*Exercise:* Could you return every record below without changing a word?

[Stored data entries]

----

locale null_vertex_insertion =
  fixes D D' :: "'l diagram" and e a b :: 'l
  assumes wf: "wf_diagram D" and wf': "wf_diagram D'"
    and e: "e \<in> set (edges D)"
    and edges': "edges D' = concat (map (\<lambda>l. if l = e then [a, b] else [l]) (edges D))"
    and crossings': "crossings D' =
      map (\<lambda>(s, i, j). (s, if i = e then b else i, if j = e then b else j)) (crossings D)"
    and nullverts': "nullverts D' =
      (a, b) # map (\<lambda>(j, k). (if j = e then b else j, if k = e then a else k)) (nullverts D)"
    and rot_other: "\<forall>l \<in> set (edges D). l \<noteq> e \<longrightarrow> rot D' l = rot D l"
    and rot_split: "rot D' a + rot D' b = rot D e"
begin

abbreviation "n \<equiv> length (edges D)"
abbreviation "p \<equiv> ix D e"

text \<open>Old edges keep their labels, except that \<open>e\<close> is called \<open>b\<close> where it enters a vertex
  and \<open>a\<close> where it leaves one.\<close>

definition incoming :: "'l \<Rightarrow> 'l" where "incoming x = (if x = e then b else x)"
definition outgoing :: "'l \<Rightarrow> 'l" where "outgoing x = (if x = e then a else x)"

lemma distinct_edges: "distinct (edges D)" "distinct (edges D')"
  using wf wf' by (simp_all add: wf_diagram_def)

lemma p_less: "p < n" and nth_p: "edges D ! p = e"
  using ix_less_nth_ix[OF e] by simp_all

lemma edges'_eq: "edges D' = take p (edges D) @ a # b # drop (Suc p) (edges D)"
proof -
  have edges_split: "edges D = take p (edges D) @ e # drop (Suc p) (edges D)"
    using id_take_nth_drop[OF p_less] nth_p by simp
  have "distinct (take p (edges D) @ e # drop (Suc p) (edges D))"
    using distinct_edges(1) by (simp only: edges_split[symmetric])
  then have "e \<notin> set (take p (edges D))" "e \<notin> set (drop (Suc p) (edges D))"
    by auto
  moreover have "concat (map (\<lambda>l. if l = e then [a, b] else [l]) xs) = xs" if "e \<notin> set xs" for xs
    using that by (induction xs) auto
  ultimately show ?thesis
    unfolding edges' by (subst edges_split) simp
qed

lemma length_edges': "length (edges D') = Suc n"
  unfolding edges'_eq using p_less by simp

lemma ix'_a: "ix D' a = p" and ix'_b: "ix D' b = Suc p"
  using ix_nth[OF distinct_edges(2), of p] ix_nth[OF distinct_edges(2), of "Suc p"] p_less
  unfolding edges'_eq by (simp_all add: nth_append)

lemma ix_neq_p: "x \<in> set (edges D) \<Longrightarrow> x \<noteq> e \<Longrightarrow> ix D x \<noteq> p"
  using ix_less_nth_ix(2)[of x D] nth_p by metis

lemma ix'_old:
  assumes "x \<in> set (edges D)" "x \<noteq> e"
  shows "ix D' x = skip_idx p (ix D x)"
proof -
  have "edges D' ! skip_idx p (ix D x) = x"
    using ix_neq_p[OF assms] ix_less_nth_ix[OF assms(1)] p_less
    unfolding edges'_eq skip_idx_def by (auto simp: nth_append)
  then show ?thesis
    using ix_nth[OF distinct_edges(2), of "skip_idx p (ix D x)"] ix_less_nth_ix(1)[OF assms(1)]
    by (simp add: length_edges' skip_idx_less)
qed

lemma ix'_incoming: "x \<in> set (edges D) \<Longrightarrow> ix D' (incoming x) = skip_idx p (ix D x)"
  using ix'_old[of x] ix'_b by (cases "x = e") (simp_all add: incoming_def skip_idx_def)

lemma ix'_outgoing: "x \<in> set (edges D) \<Longrightarrow> ix D' (outgoing x) = skip_idx (Suc p) (ix D x)"
  using ix'_old[of x] ix'_a ix_neq_p[of x] by (cases "x = e") (auto simp: outgoing_def skip_idx_def)

lemma ix'_nxt_incoming:
  assumes "x \<in> set (butlast (edges D))"
  shows "ix D' (nxt D' (incoming x)) = skip_idx (Suc p) (ix D (nxt D x))"
proof -
  have x: "x \<in> set (edges D)"
    using assms by (rule in_set_butlastD)
  have "Suc (skip_idx p (ix D x)) < length (edges D')"
    using ix_nxt(1)[OF distinct_edges(1) assms] by (simp add: length_edges' skip_idx_def)
  then have "ix D' (nxt D' (incoming x)) = Suc (skip_idx p (ix D x))"
    unfolding nxt_def ix'_incoming[OF x] by (simp add: ix_nth[OF distinct_edges(2)])
  then show ?thesis
    unfolding ix_nxt(2)[OF distinct_edges(1) assms] by (simp add: skip_idx_def)
qed

definition relabel_crossing :: "int \<times> 'l \<times> 'l \<Rightarrow> int \<times> 'l \<times> 'l" where
  "relabel_crossing c = (case c of (s, i, j) \<Rightarrow> (s, incoming i, incoming j))"

lemma crossings'_eq: "crossings D' = map relabel_crossing (crossings D)"
  unfolding crossings' relabel_crossing_def incoming_def by simp

lemma nullverts'_eq:
  "nullverts D' = (a, b) # map (\<lambda>(j, k). (incoming j, outgoing k)) (nullverts D)"
  unfolding nullverts' incoming_def outgoing_def by simp

lemma cr_entry_relabel_crossing:
  assumes c: "c \<in> set (crossings D)"
  shows "cr_entry D' t (relabel_crossing c) r q
    = (if r = p \<or> q = Suc p then 0 else cr_entry D t c (merge_idx p r) (merge_idx p q))"
proof -
  obtain s i j where c_eq: "c = (s, i, j)"
    by (cases c)
  have ij: "i \<in> set (butlast (edges D))" "j \<in> set (butlast (edges D))"
    using wf_diagram_crossingD[OF wf c[unfolded c_eq]] by simp_all
  note ixs = ix'_incoming[OF in_set_butlastD[OF ij(1)]] ix'_incoming[OF in_set_butlastD[OF ij(2)]]
    ix'_nxt_incoming[OF ij(1)] ix'_nxt_incoming[OF ij(2)]
  show ?thesis
  proof (cases "r = p \<or> q = Suc p")
    case True
    then show ?thesis
      unfolding c_eq relabel_crossing_def cr_entry_def prod.case ixs by auto
  next
    case False
    then show ?thesis
      unfolding c_eq relabel_crossing_def cr_entry_def prod.case ixs
      using eq_skip_idx_iff(1)[of r p] eq_skip_idx_iff(2)[of q p] by simp
  qed
qed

----

*Response to this exercise:*
locale null_vertex_insertion =
  fixes D D' :: "'l diagram" and e a b :: 'l
  assumes wf: "wf_diagram D" and wf': "wf_diagram D'"
    and e: "e \<in> set (edges D)"
    and edges': "edges D' = concat (map (\<lambda>l. if l = e then [a, b] else [l]) (edges D))"
    and crossings': "crossings D' =
      map (\<lambda>(s, i, j). (s, if i = e then b else i, if j = e then b else j)) (crossings D)"
    and nullverts': "nullverts D' =
      (a, b) # map (\<lambda>(j, k). (if j = e then b else j, if k = e then a else k)) (nullverts D)"
    and rot_other: "\<forall>l \<in> set (edges D). l \<noteq> e \<longrightarrow> rot D' l = rot D l"
    and rot_split: "rot D' a + rot D' b = rot D e"
begin

abbreviation "n \<equiv> length (edges D)"
abbreviation "p \<equiv> ix D e"

text \<open>Old edges keep their labels, except that \<open>e\<close> is called \<open>b\<close> where it enters a vertex
  and \<open>a\<close> where it leaves one.\<close>

definition incoming :: "'l \<Rightarrow> 'l" where "incoming x = (if x = e then b else x)"
definition outgoing :: "'l \<Rightarrow> 'l" where "outgoing x = (if x = e then a else x)"

lemma distinct_edges: "distinct (edges D)" "distinct (edges D')"
  using wf wf' by (simp_all add: wf_diagram_def)

lemma p_less: "p < n" and nth_p: "edges D ! p = e"
  using ix_less_nth_ix[OF e] by simp_all

lemma edges'_eq: "edges D' = take p (edges D) @ a # b # drop (Suc p) (edges D)"
proof -
  have edges_split: "edges D = take p (edges D) @ e # drop (Suc p) (edges D)"
    using id_take_nth_drop[OF p_less] nth_p by simp
  have "distinct (take p (edges D) @ e # drop (Suc p) (edges D))"
    using distinct_edges(1) by (simp only: edges_split[symmetric])
  then have "e \<notin> set (take p (edges D))" "e \<notin> set (drop (Suc p) (edges D))"
    by auto
  moreover have "concat (map (\<lambda>l. if l = e then [a, b] else [l]) xs) = xs" if "e \<notin> set xs" for xs
    using that by (induction xs) auto
  ultimately show ?thesis
    unfolding edges' by (subst edges_split) simp
qed

lemma length_edges': "length (edges D') = Suc n"
  unfolding edges'_eq using p_less by simp

lemma ix'_a: "ix D' a = p" and ix'_b: "ix D' b = Suc p"
  using ix_nth[OF distinct_edges(2), of p] ix_nth[OF distinct_edges(2), of "Suc p"] p_less
  unfolding edges'_eq by (simp_all add: nth_append)

lemma ix_neq_p: "x \<in> set (edges D) \<Longrightarrow> x \<noteq> e \<Longrightarrow> ix D x \<noteq> p"
  using ix_less_nth_ix(2)[of x D] nth_p by metis

lemma ix'_old:
  assumes "x \<in> set (edges D)" "x \<noteq> e"
  shows "ix D' x = skip_idx p (ix D x)"
proof -
  have "edges D' ! skip_idx p (ix D x) = x"
    using ix_neq_p[OF assms] ix_less_nth_ix[OF assms(1)] p_less
    unfolding edges'_eq skip_idx_def by (auto simp: nth_append)
  then show ?thesis
    using ix_nth[OF distinct_edges(2), of "skip_idx p (ix D x)"] ix_less_nth_ix(1)[OF assms(1)]
    by (simp add: length_edges' skip_idx_less)
qed

lemma ix'_incoming: "x \<in> set (edges D) \<Longrightarrow> ix D' (incoming x) = skip_idx p (ix D x)"
  using ix'_old[of x] ix'_b by (cases "x = e") (simp_all add: incoming_def skip_idx_def)

lemma ix'_outgoing: "x \<in> set (edges D) \<Longrightarrow> ix D' (outgoing x) = skip_idx (Suc p) (ix D x)"
  using ix'_old[of x] ix'_a ix_neq_p[of x] by (cases "x = e") (auto simp: outgoing_def skip_idx_def)

lemma ix'_nxt_incoming:
  assumes "x \<in> set (butlast (edges D))"
  shows "ix D' (nxt D' (incoming x)) = skip_idx (Suc p) (ix D (nxt D x))"
proof -
  have x: "x \<in> set (edges D)"
    using assms by (rule in_set_butlastD)
  have "Suc (skip_idx p (ix D x)) < length (edges D')"
    using ix_nxt(1)[OF distinct_edges(1) assms] by (simp add: length_edges' skip_idx_def)
  then have "ix D' (nxt D' (incoming x)) = Suc (skip_idx p (ix D x))"
    unfolding nxt_def ix'_incoming[OF x] by (simp add: ix_nth[OF distinct_edges(2)])
  then show ?thesis
    unfolding ix_nxt(2)[OF distinct_edges(1) assms] by (simp add: skip_idx_def)
qed

definition relabel_crossing :: "int \<times> 'l \<times> 'l \<Rightarrow> int \<times> 'l \<times> 'l" where
  "relabel_crossing c = (case c of (s, i, j) \<Rightarrow> (s, incoming i, incoming j))"

lemma crossings'_eq: "crossings D' = map relabel_crossing (crossings D)"
  unfolding crossings' relabel_crossing_def incoming_def by simp

lemma nullverts'_eq:
  "nullverts D' = (a, b) # map (\<lambda>(j, k). (incoming j, outgoing k)) (nullverts D)"
  unfolding nullverts' incoming_def outgoing_def by simp

lemma cr_entry_relabel_crossing:
  assumes c: "c \<in> set (crossings D)"
  shows "cr_entry D' t (relabel_crossing c) r q
    = (if r = p \<or> q = Suc p then 0 else cr_entry D t c (merge_idx p r) (merge_idx p q))"
proof -
  obtain s i j where c_eq: "c = (s, i, j)"
    by (cases c)
  have ij: "i \<in> set (butlast (edges D))" "j \<in> set (butlast (edges D))"
    using wf_diagram_crossingD[OF wf c[unfolded c_eq]] by simp_all
  note ixs = ix'_incoming[OF in_set_butlastD[OF ij(1)]] ix'_incoming[OF in_set_butlastD[OF ij(2)]]
    ix'_nxt_incoming[OF ij(1)] ix'_nxt_incoming[OF ij(2)]
  show ?thesis
  proof (cases "r = p \<or> q = Suc p")
    case True
    then show ?thesis
      unfolding c_eq relabel_crossing_def cr_entry_def prod.case ixs by auto
  next
    case False
    then show ?thesis
      unfolding c_eq relabel_crossing_def cr_entry_def prod.case ixs
      using eq_skip_idx_iff(1)[of r p] eq_skip_idx_iff(2)[of q p] by simp
  qed
qed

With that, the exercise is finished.